Coordination with Outside Directors of the Board/Internal Audit Division/Accounting Auditors to Improve Audit Effectiveness
  • Article 26Audit & Supervisory Board Members and the Audit & Supervisory Board shall, through the operational audits, accounting audits, and the attendance of important meetings such as those of the Board of Directors, oversee whether the supervisory function of the Board of Directors of Nippon Paint Holdings is properly exercised, actively provide opinions and advice to help the Nippon Paint Group to achieve sustainable growth and the medium/long-term enhancement of the corporate value.
  • 2.Audit & Supervisory Board Members and the Audit & Supervisory Board shall, in coordination with the divisions concerned, strive to secure an adequate audit environment, schedule, and structure and examine whether the Accounting Auditor complies with the "Standards for Quality Control of Audits," which are necessary for them to perform accounting audits properly. The Board of Directors shall give due consideration to the efforts of the Audit & Supervisory Board Members and the Accounting Auditor to secure adequate an audit environment and schedule.
  • 3.The following measures shall be taken by each to improve the effectiveness of audits:
    • Outside Audit & Supervisory Board Members shall, based on their respective professional experience and knowledge, and full-time Audit & Supervisory Board Members shall, based on their extensive internal experience and information, share information and exchange opinions.
    • Regular meetings between the Representative Director of the Board and Audit & Supervisory Board Members shall be held four times each year for information gathering and sharing as well as exchange of opinions that are necessary for them to execute their duties.

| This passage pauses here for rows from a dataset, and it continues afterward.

text \<open>Writing \<open>v = V\<^sub>\<theta> - V\<^sub>\<theta>\<^sub>*\<close>, the fixed-point equation turns \<open>-g(\<theta>)\<close> into
  \<open>B(\<theta> - \<theta>\<^sub>*)\<close>, whose quadratic form is \<open>E[v(s)(v(s) - \<gamma> v(s'))]\<close>. Stationarity of \<open>\<pi>\<close>
  makes \<open>s\<close> and \<open>s'\<close> both \<open>\<pi>\<close>-distributed, so \<open>E[v(s)\<^sup>2] = E[v(s')\<^sup>2] = \<parallel>v\<parallel>\<^sub>D\<^sup>2\<close> and
  \<open>E[v(s)v(s')] = \<parallel>v\<parallel>\<^sub>D\<^sup>2 - \<parallel>v\<parallel>\<^sub>D\<^sub>i\<^sub>r\<^sup>2\<close>; hence the quadratic form equals \<open>f\<close>.
  A quadratic form only sees the symmetric part \<open>A = (B + B\<^sup>T)/2\<close> of \<open>B\<close>, which is
  positive semidefinite because \<open>f \<ge> 0\<close>.\<close>

lemma Bmat_mult_vec:
  "Bmat P \<pi> \<gamma> \<phi> *v x
     = (\<Sum>s\<in>UNIV. \<Sum>s'\<in>UNIV. (\<pi> s * P s s' * (\<phi> s \<bullet> x - \<gamma> * (\<phi> s' \<bullet> x))) *\<^sub>R \<phi> s)"
proof (subst vec_eq_iff, intro allI)
  fix i
  have "(Bmat P \<pi> \<gamma> \<phi> *v x) $ i = (\<Sum>j\<in>UNIV. \<Sum>s\<in>UNIV. \<Sum>s'\<in>UNIV.
      \<pi> s * P s s' * (\<phi> s $ i * (\<phi> s $ j - \<gamma> * \<phi> s' $ j)) * x $ j)"
    by (simp add: matrix_vector_mult_def Bmat_def sum_distrib_right)
  also have "\<dots> = (\<Sum>s\<in>UNIV. \<Sum>s'\<in>UNIV. \<Sum>j\<in>UNIV.
      \<pi> s * P s s' * (\<phi> s $ i * (\<phi> s $ j - \<gamma> * \<phi> s' $ j)) * x $ j)"
    by (subst sum.swap) (intro sum.cong refl sum.swap)
  also have "\<dots> = (\<Sum>s\<in>UNIV. \<Sum>s'\<in>UNIV.
      (\<pi> s * P s s' * (\<phi> s \<bullet> x - \<gamma> * (\<phi> s' \<bullet> x))) * \<phi> s $ i)"
    by (intro sum.cong refl)
      (simp add: inner_vec_def sum_distrib_left sum_subtractf algebra_simps)
  finally show "(Bmat P \<pi> \<gamma> \<phi> *v x) $ i = (\<Sum>s\<in>UNIV. \<Sum>s'\<in>UNIV.
      (\<pi> s * P s s' * (\<phi> s \<bullet> x - \<gamma> * (\<phi> s' \<bullet> x))) *\<^sub>R \<phi> s) $ i"
    by (simp add: sum_component)
qed

lemma gbar_diff:
  "gbar P \<pi> rr \<gamma> \<phi> \<theta> - gbar P \<pi> rr \<gamma> \<phi> t = - (Bmat P \<pi> \<gamma> \<phi> *v (\<theta> - t))"
  unfolding gbar_def Bmat_mult_vec
  by (simp add: sum_subtractf[symmetric] sum_negf[symmetric] scaleR_diff_left[symmetric]
      inner_diff_right inner_commute algebra_simps)

lemma uminus_gbar_eq_Bmat_mult_vec:
  assumes "gbar P \<pi> rr \<gamma> \<phi> \<theta>s = 0"
  shows "- gbar P \<pi> rr \<gamma> \<phi> \<theta> = Bmat P \<pi> \<gamma> \<phi> *v (\<theta> - \<theta>s)"
  using gbar_diff[of P \<pi> rr \<gamma> \<phi> \<theta> \<theta>s] assms by simp

lemma inner_Bmat_mult_vec:
  "x \<bullet> (Bmat P \<pi> \<gamma> \<phi> *v x)
     = (\<Sum>s\<in>UNIV. \<Sum>s'\<in>UNIV. \<pi> s * P s s' * (\<phi> s \<bullet> x - \<gamma> * (\<phi> s' \<bullet> x)) * (\<phi> s \<bullet> x))"
  by (simp add: Bmat_mult_vec inner_sum_right inner_commute)
(* Let $m>0$ and let $\chi\in C_c^\infty(\mathbb R)$ be even with $\chi(z)=1$ for $|z|<z_0$, $\chi(z)=0$ for $|z|>2z_0$, $z_0\ll1$. Suppose $\mathcal E$ is twice differentiable on $(0,2z_0)$ with $|\partial_z^j\mathcal E(z)|\lesssim|\partial_z^j(\log z)^{-2}|$ for $j=0,1,2$ and $0<z<2z_0$. Then for $t>2$, $$\Big|\int_0^\infty e^{-it\sqrt{z^2+m^2}}\frac{z\chi(z)}{\sqrt{z^2+m^2}}\mathcal E(z)\,dz\Big|\lesssim\frac1{t\log^2t}.$$ *)

theory Defs
  imports "HOL-Analysis.Analysis"
begin

end

theory Submission
  imports Defs
begin

text \<open>
  Let \<phi> z = sqrt (z^2 + m^2) and g = \<chi> E. Since \<phi>' = z / \<phi>, the integrand is the derivative
  of the phase exp (-i t \<phi>) times g / (-i t). Split the integral at \<delta> = 1 / sqrt t. Near the
  origin the integrand is bounded by (z / m) |g| = O(\<delta> / ln^2 \<delta>), so this part is
  O(\<delta>^2 / ln^2 \<delta>) = O(1 / (t ln^2 t)). On [\<delta>, 2 z0] integrate by parts, absorbing z / \<phi> into
  the derivative of the phase; the boundary term g(\<delta>) / t is O(1 / (t ln^2 t)). The new integrand
  involves g' = O(1 / (z (-ln z)^3)), which is not small enough, so integrate by parts once more:
  each derivative of g costs a factor 1 / z, and the boundary term together with the integral of
  1 / (z^3 (-ln z)^3) over [\<delta>, 2 z0] is O(1 / (\<delta>^2 (-ln \<delta>)^3)) = O(t / ln^3 t), which after
  division by t^2 is again O(1 / (t ln^2 t)). The bounds on g, g' and g'' follow from those on
  E because \<chi> and its first two derivatives are bounded.
\<close>

lemma norm_integral_le_by_parts:
  fixes u F v :: "real \<Rightarrow> complex" and c :: complex
  assumes "a \<le> b" "c \<noteq> 0" "continuous_on {a..b} u"
    and u_deriv: "\<And>z. z \<in> {a<..<b} \<Longrightarrow> (u has_vector_derivative c * F z + v z) (at z)"
    and F_int: "F integrable_on {a..b}"
  shows "v integrable_on {a..b}"
    and "norm (integral {a..b} F) \<le> (norm (u b) + norm (u a) + norm (integral {a..b} v)) / norm c"
proof -
  have "((\<lambda>z. c * F z + v z) has_integral u b - u a) {a..b}"
    using assms by (intro fundamental_theorem_of_calculus_interior) auto
  moreover have "((\<lambda>z. c * F z) has_integral c * integral {a..b} F) {a..b}"
    using F_int by (intro has_integral_mult_right) auto
  ultimately have v_int: "(v has_integral u b - u a - c * integral {a..b} F) {a..b}"
    by (auto dest: has_integral_diff)
  then show "v integrable_on {a..b}" by blast
  from v_int have "integral {a..b} v = u b - u a - c * integral {a..b} F"
    by (rule integral_unique)
  then have "norm c * norm (integral {a..b} F) = norm (u b - u a - integral {a..b} v)"
    by (simp flip: norm_mult)
  also have "\<dots> \<le> norm (u b) + norm (u a) + norm (integral {a..b} v)"
    by (smt (verit) norm_triangle_ineq4)
  finally show "norm (integral {a..b} F) \<le> (norm (u b) + norm (u a) + norm (integral {a..b} v)) / norm c"
    using \<open>c \<noteq> 0\<close> by (simp add: field_simps)
qed
(* Let $A$ be a finite-dimensional simple associative algebra over a field. If $c\in A$ satisfies $cA\subseteq[A,A]$, then $c=0$.
   Context: $[A,A]$ denotes the linear span of all commutators $xy-yx$, $x,y\in A$. *)

theory Defs
  imports Complex_Main
begin

definition assoc_algebra :: "('k::field \<Rightarrow> 'a::ring_1 \<Rightarrow> 'a) \<Rightarrow> bool" where
  "assoc_algebra scale \<longleftrightarrow> vector_space scale \<and>
     (\<forall>k x y. scale k (x * y) = scale k x * y \<and> scale k (x * y) = x * scale k y)"

definition fin_dim_algebra :: "('k::field \<Rightarrow> 'a::ring_1 \<Rightarrow> 'a) \<Rightarrow> bool" where
  "fin_dim_algebra scale \<longleftrightarrow> assoc_algebra scale \<and>
     (\<exists>B. finite_dimensional_vector_space scale B)"

definition two_sided_ideal :: "('k::field \<Rightarrow> 'a::ring_1 \<Rightarrow> 'a) \<Rightarrow> 'a set \<Rightarrow> bool" where
  "two_sided_ideal scale I \<longleftrightarrow> module.subspace scale I \<and>
     (\<forall>a\<in>I. \<forall>x. x * a \<in> I \<and> a * x \<in> I)"

definition simple_algebra :: "('k::field \<Rightarrow> 'a::ring_1 \<Rightarrow> 'a) \<Rightarrow> bool" where
  "simple_algebra scale \<longleftrightarrow> assoc_algebra scale \<and> (0::'a) \<noteq> 1 \<and>
     (\<forall>I. two_sided_ideal scale I \<longrightarrow> I = {0} \<or> I = UNIV)"

definition commutator_space :: "('k::field \<Rightarrow> 'a::ring_1 \<Rightarrow> 'a) \<Rightarrow> 'a set" where
  "commutator_space scale = module.span scale {x * y - y * x | x y. True}"

end

(*
  If c is nonzero, the two-sided ideal generated by c is all of A, and since
  a c b = [a, c b] + c (b a) it is contained in [A,A]; so [A,A] = A.

  This is impossible. Take a minimal left ideal L = A e with e idempotent and a
  maximal commutative subset F of the division ring e A e. Then F is a field, L is a
  finite-dimensional right F-vector space and A acts on it F-linearly, so A has an
  F-valued trace; it vanishes on [A,A] because F is commutative. The elementary
  operator x |-> sum a_i x f_i (f_i in F) has trace sum trace(a_i) f_i, and by the
  density theorem one of them fixes a vector of an F-basis of L and kills the others.
  Its trace is e, which is nonzero, so the trace is not identically zero.
*)

theory Submission
  imports Defs
begin

definition pairwise_commuting :: "'a::times set \<Rightarrow> bool" where
  "pairwise_commuting S \<longleftrightarrow> (\<forall>f\<in>S. \<forall>g\<in>S. f * g = g * f)"

lemma ex_maximal_commuting_subset:
  fixes D :: "'a::times set"
  shows "\<exists>F\<subseteq>D. pairwise_commuting F \<and> (\<forall>x\<in>D. (\<forall>f\<in>F. x * f = f * x) \<longrightarrow> x \<in> F)"
proof -
  let ?A = "{S. S \<subseteq> D \<and> pairwise_commuting S}"
  have "\<exists>M\<in>?A. \<forall>X\<in>?A. M \<subseteq> X \<longrightarrow> X = M"
  proof (rule subset_Zorn)
    fix C assume C: "subset.chain ?A C"
    then have CA: "C \<subseteq> ?A" and chain: "\<And>X Y. X \<in> C \<Longrightarrow> Y \<in> C \<Longrightarrow> X \<subseteq> Y \<or> Y \<subseteq> X"
      unfolding subset_chain_def by blast+
    have "pairwise_commuting (\<Union>C)"
      unfolding pairwise_commuting_def
    proof (intro ballI)
      fix f g assume "f \<in> \<Union>C" "g \<in> \<Union>C"
      then obtain X Y where XY: "X \<in> C" "Y \<in> C" "f \<in> X" "g \<in> Y" by blast
      then have "pairwise_commuting X" "pairwise_commuting Y" using CA by blast+
      then show "f * g = g * f"
        using chain[OF XY(1,2)] XY(3,4) unfolding pairwise_commuting_def by blast
    qed
    moreover have "\<Union>C \<subseteq> D" using CA by blast
    ultimately show "\<exists>U\<in>?A. \<forall>X\<in>C. X \<subseteq> U" by blast
  qed
  then obtain F where "F \<in> ?A" and maximal: "\<forall>X\<in>?A. F \<subseteq> X \<longrightarrow> X = F"
    by (rule bexE)
  then have F: "F \<subseteq> D" "pairwise_commuting F" by simp_all
  have "x \<in> F" if x: "x \<in> D" "\<forall>f\<in>F. x * f = f * x" for x
  proof -
    have "pairwise_commuting (insert x F)"
      using F(2) x(2) unfolding pairwise_commuting_def by auto
    moreover have "insert x F \<subseteq> D" using F(1) x(1) by simp
    ultimately have "insert x F = F" using maximal by (simp add: subset_insertI)
    then show ?thesis by (metis insertI1)
  qed
  then show ?thesis using F by blast
qed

    • "Three-way audit meetings," which are attended by Audit & Supervisory Board Members, the Accounting Auditor, and members of the Corporate Audit and "consultation meetings between the Accounting Auditor and Audit & Supervisory Board Members" shall be held on a regular basis to share information and exchange opinions on their audit plans and results, issues identified through different audits, etc., among the attendants.
    • The Accounting Auditor shall have interviews with the Representative Director and President and the Director of the Board in charge of finance and report its outline at a "three-way audit meeting."
  • 4.Independent Directors of the Board may, subject to the approval of the chairperson of the Audit & Supervisory Board, attend a "regular meeting between the Representative Director of the Board and Audit & Supervisory Board Members" and a "three-way audit meeting" and also attend Audit & Supervisory Board meetings as an observer, if necessary.
  • 5.The Audit & Supervisory Board shall prescribe, in the "Audit & Supervisory Board Member Audit Standards" and the "Standards for the Administration of Consultation Meetings between the Accounting Auditor and Audit & Supervisory Board Members," their responses to cases in which they have received a report from the Accounting Auditor to the effect that there has been a fraud or a significant violation of laws and regulations or the articles of incorporation in relation to the execution of duties by a Director of the Board.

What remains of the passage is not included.